Packet loss on most hosts, including localhost

Hi ! I’ve recently moved a CheckMK instance (with ~15 hosts, 300 services) from a container host to another (using rsync), and all of the hosts that existed before the migration (including localhost) have now started showing intermittent severe (100%) packet loss. However, the host check never fails, and although CheckMK shows the packet loss in graph of the host status page, the host is always up, and all services are monitored without interruption. Also, new hosts that were created after the migration don’t exhibit this behaviour.

I’ve checked that the network behaves correctly, and I’ve used tcpdump to confirm that replies are received for all ping checks. I’ve tried resetting the perfdata for one of the affected hosts (including flushing the RRD cache), but the new packet loss graphs still exhibit the behaviour.
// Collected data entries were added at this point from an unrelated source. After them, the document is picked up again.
lemma not_inj_twist_map_if_nonsquare:
  assumes "a * b \<notin> D0"
  shows "\<not> inj f"
proof
  assume inj: "inj f"
  have "surj (\<lambda>x. a * x ^ N - b * x)"
    using inj_frobenius_minus_linear_if_nonsquare[OF assms] by (simp add: finite_UNIV_inj_surj)
  then obtain x where "1 - \<delta> = a * x ^ N - b * x"
    by (blast elim: surjE)
  then have x: "a * x ^ N - b * x = 1 - \<delta>"
    by simp
  define y where "y = x + inverse b"
  have "quadratic_character (a * b) = - 1"
    using quadratic_character_cases[OF odd_card, of "a * b"] assms a_nonzero b_nonzero
      quadratic_character_eq_1_iff[OF odd_card] by auto
  moreover have "U y = a * inverse b ^ N"
    using x unfolding twist_inner_def y_def frobenius_add using b_nonzero
    by (simp add: algebra_simps)
  ultimately have "quadratic_character (U y) = - 1"
    by (simp add: quadratic_character_mult quadratic_character_odd_power[OF odd_card odd_N]
        quadratic_character_inverse[OF odd_card])
  moreover have "(- 1 :: 'a) \<noteq> 1"
    using two_neq_zero_if_odd_card[OF odd_card] by (metis one_add_one add_eq_0_iff)
  ultimately have "f y = 2 * b * y - \<delta>"
    by (simp add: twist_map_eq)
  also have "\<dots> = 2 * a * x ^ N + \<delta>"
  proof -
    have b_y: "b * y = b * x + 1"
      unfolding y_def using b_nonzero by (simp add: distrib_left)
    have ax: "a * x ^ N = b * x + 1 - \<delta>"
      using x by (simp add: algebra_simps)
    show ?thesis
      by (simp only: mult.assoc b_y ax) (simp add: algebra_simps)
  qed
  also have "\<dots> = f x"
    using x by (simp add: twist_map_eq twist_inner_def quadratic_character_1)
  finally have "f y = f x" .
  moreover have "x \<noteq> y"
    unfolding y_def using b_nonzero by simp
  ultimately show False
    using injD[OF inj] by blast
qed

lemma bij_twist_map_iff: "bij f \<longleftrightarrow> a * b \<in> D0"
  using inj_twist_map_if_square not_inj_twist_map_if_nonsquare
  by (auto simp: bij_def finite_UNIV_inj_surj)

end

theorem mainTheorem11:
  fixes q n k :: nat and a b \<delta> :: "'a::{finite,field}"
  assumes "\<exists>p m. prime p \<and> m > 0 \<and> q = p ^ m"
    and "odd q"
    and "n > 0" and "k > 0"
    and "card (UNIV :: 'a set) = q ^ n"
    and "a * b \<noteq> 0"
  shows "permutation_poly
           (\<lambda>x. (a * x ^ (q ^ k) - b * x + \<delta>) ^ ((q ^ n + 1) div 2) + a * x ^ (q ^ k) + b * x)
         \<longleftrightarrow> a * b \<in> D0"
proof -
  obtain p m where p: "prime p" and q: "q = p ^ m"
    using assms(1) by blast
  have "CHAR('a) dvd p ^ (m * n)"
    using CHAR_dvd_CARD[where 'a = 'a] assms(5) q by (simp add: power_mult)
  then have "CHAR('a) dvd p"
    by (rule prime_dvd_power[OF prime_CHAR_finite_field])
  then have "CHAR('a) = p"
    by (rule primes_dvd_imp_eq[OF prime_CHAR_finite_field p])
  then have "q ^ k = CHAR('a) ^ (m * k)"
    using q by (simp add: power_mult)
  moreover have "odd CARD('a)"
    using assms(2,5) by simp
  ultimately have "bij (twist_map a b \<delta> (q ^ k)) \<longleftrightarrow> a * b \<in> D0"
    using assms(6) by (intro bij_twist_map_iff) auto
  then show ?thesis
    unfolding permutation_poly_def twist_map_def[abs_def] twist_inner_def assms(5) .
qed

end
I’m starting to suspect some kind of resource limit that is exhausted which makes the ICMP check fail entirely, but it wouldn’t explain the fact that new hosts don’t exhibit this behaviour. I’ve checked my firewall rules (where there is no rate limiting logic, especially for localhost), and I’ve disabled Linux’s ICMP rate limiting (icmp_ratelimit), although I was far from the previous limit (1000/s).

For example, this the host status page for localhost :

What could explain this weird situation, and more importantly, how can I solve this problem without deleting all of my perfdata, reinstalling CheckMK from scratch and restoring a WATO backup ?
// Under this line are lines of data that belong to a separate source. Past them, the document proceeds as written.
lemma cell_iff_rotate_cell:
  assumes S: "(P, Q) \<in> SkFS"
  shows "(x, y) \<in> cells (P, Q) \<longleftrightarrow> rotate_cell (x, y) \<in> shape_region P Q"
proof
  let ?k = "x + y + 1"
  assume c: "(x, y) \<in> cells (P, Q)"
  hence x: "x < cnt D P" "x < cnt D Q" using SkFS_D(2)[OF S] by (auto simp: cells_def)
  have "Suc x \<le> cnt D (take ?k P)" using col_ht_le_iff[OF x(1)] c by (simp add: cells_def)
  moreover have "cnt D (take ?k Q) \<le> x" "?k \<le> length Q"
    using less_col_ht_iff[OF x(2)] c by (auto simp: cells_def)
  moreover have kP: "?k \<le> length P" using SkFS_D(1)[OF S] calculation by simp
  ultimately have l: "ht P ?k \<le> int y - int x - 1" "int y - int x - 1 < ht Q ?k"
    using ht_rotate_cell_iff by blast+
  moreover from this have "?k \<noteq> length P" using SkFS_ht_end[OF S] by auto
  ultimately show "rotate_cell (x, y) \<in> shape_region P Q"
    using kP ht_rotate_cell_iff(3)[OF kP] by (simp add: shape_region_def)
next
  let ?k = "x + y + 1"
  assume s: "rotate_cell (x, y) \<in> shape_region P Q"
  hence k: "?k \<le> length P" "?k \<le> length Q" using SkFS_D(1)[OF S] by (auto simp: shape_region_def)
  have P: "Suc x \<le> cnt D (take ?k P)" and Q: "cnt D (take ?k Q) \<le> x"
    using s ht_rotate_cell_iff(1)[OF k(1)] ht_rotate_cell_iff(2)[OF k(2)] by (auto simp: shape_region_def)
  have x: "x < cnt D P" "x < cnt D Q" using P cnt_take_le[of D ?k P] SkFS_D(2)[OF S] by auto
  show "(x, y) \<in> cells (P, Q)"
    using col_ht_le_iff[OF x(1)] less_col_ht_iff[OF x(2)] P Q k x by (simp add: cells_def)
qed

lemma bij_betw_rotate_cell:
  assumes S: "(P, Q) \<in> SkFS"
  shows "bij_betw rotate_cell (cells (P, Q)) (shape_region P Q)"
proof (rule bij_betw_imageI)
  show "inj_on rotate_cell (cells (P, Q))" using inj_rotate_cell by (rule inj_on_subset) simp
  show "rotate_cell ` cells (P, Q) = shape_region P Q"
  proof
    show "rotate_cell ` cells (P, Q) \<subseteq> shape_region P Q" using cell_iff_rotate_cell[OF S] by auto
    show "shape_region P Q \<subseteq> rotate_cell ` cells (P, Q)"
    proof
      fix z assume z: "z \<in> shape_region P Q"
      obtain k v where kv: "z = (k, v)" by (cases z)
      have kl: "k < length P" "k \<le> length Q" and l: "ht P k \<le> v" "v < ht Q k"
        and ev: "even (v - ht P k)" using z kv SkFS_D(1)[OF S] by (auto simp: shape_region_def)
      have "even (ht Q k - ht P k)" "even (ht P k + int k)"
        using even_ht_diff[of k P Q] even_ht_plus[of k P] kl by auto
      hence "even (int k + v)" "v + 2 \<le> ht Q k" using ev l(2) by presburger+
      moreover have "- int k \<le> ht P k" "ht Q k \<le> int k" using ht_bounds[of k P] ht_bounds[of k Q] kl by auto
      ultimately obtain x y where "rotate_cell (x, y) = z"
        using rotate_cell_surj[of k v] l(1) kv by force
      thus "z \<in> rotate_cell ` cells (P, Q)" using cell_iff_rotate_cell[OF S, of x y] z by force
    qed
  qed
qed

lemma finite_cells: "finite (cells \<phi>)"
proof -
  have "y < col_ht (snd \<phi>) (cnt D (fst \<phi>))" if "(x, y) \<in> cells \<phi>" for x y
    using that col_ht_mono[of x "cnt D (fst \<phi>)" "snd \<phi>"] by (auto simp: cells_def)
  hence "cells \<phi> \<subseteq> {..<cnt D (fst \<phi>)} \<times> {..<col_ht (snd \<phi>) (cnt D (fst \<phi>))}"
    by (auto simp: cells_def)
  thus ?thesis by (rule finite_subset) auto
qed

lemma area_eq_card_shape_region:
  assumes S: "(P, Q) \<in> SkFS"
  shows "area (P, Q) = card (shape_region P Q)"
  unfolding area_def by (rule bij_betw_same_card[OF bij_betw_rotate_cell[OF S]])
I’m pretty clueless right now. The only that you should have done is to use the omd backup/restore commands for the migration instead of an rsync. Btw, which parameters did you use for your rsync?

1 Like

Is the new host again a container system and CMK also running inside a container?
If yes, then your assumption that you have something limiting there could be the problem.
This is an RAW edition and the normal RAW edition does a ICMP burst with 5 packets at the same time.

If you create a new host inside the same instance then there is no problem?
If it is so - inspect the host check command for the new and old hosts.
There must be a difference.

@simon-mueller

I used “rsync -aAX”. I will be careful of using omd backup/restore next time.

@andreas-doehler

The new container host is a container system of the same type as the old one (LXD), with the exact same configuration (using config management tools), and the whole container was moved to the new host.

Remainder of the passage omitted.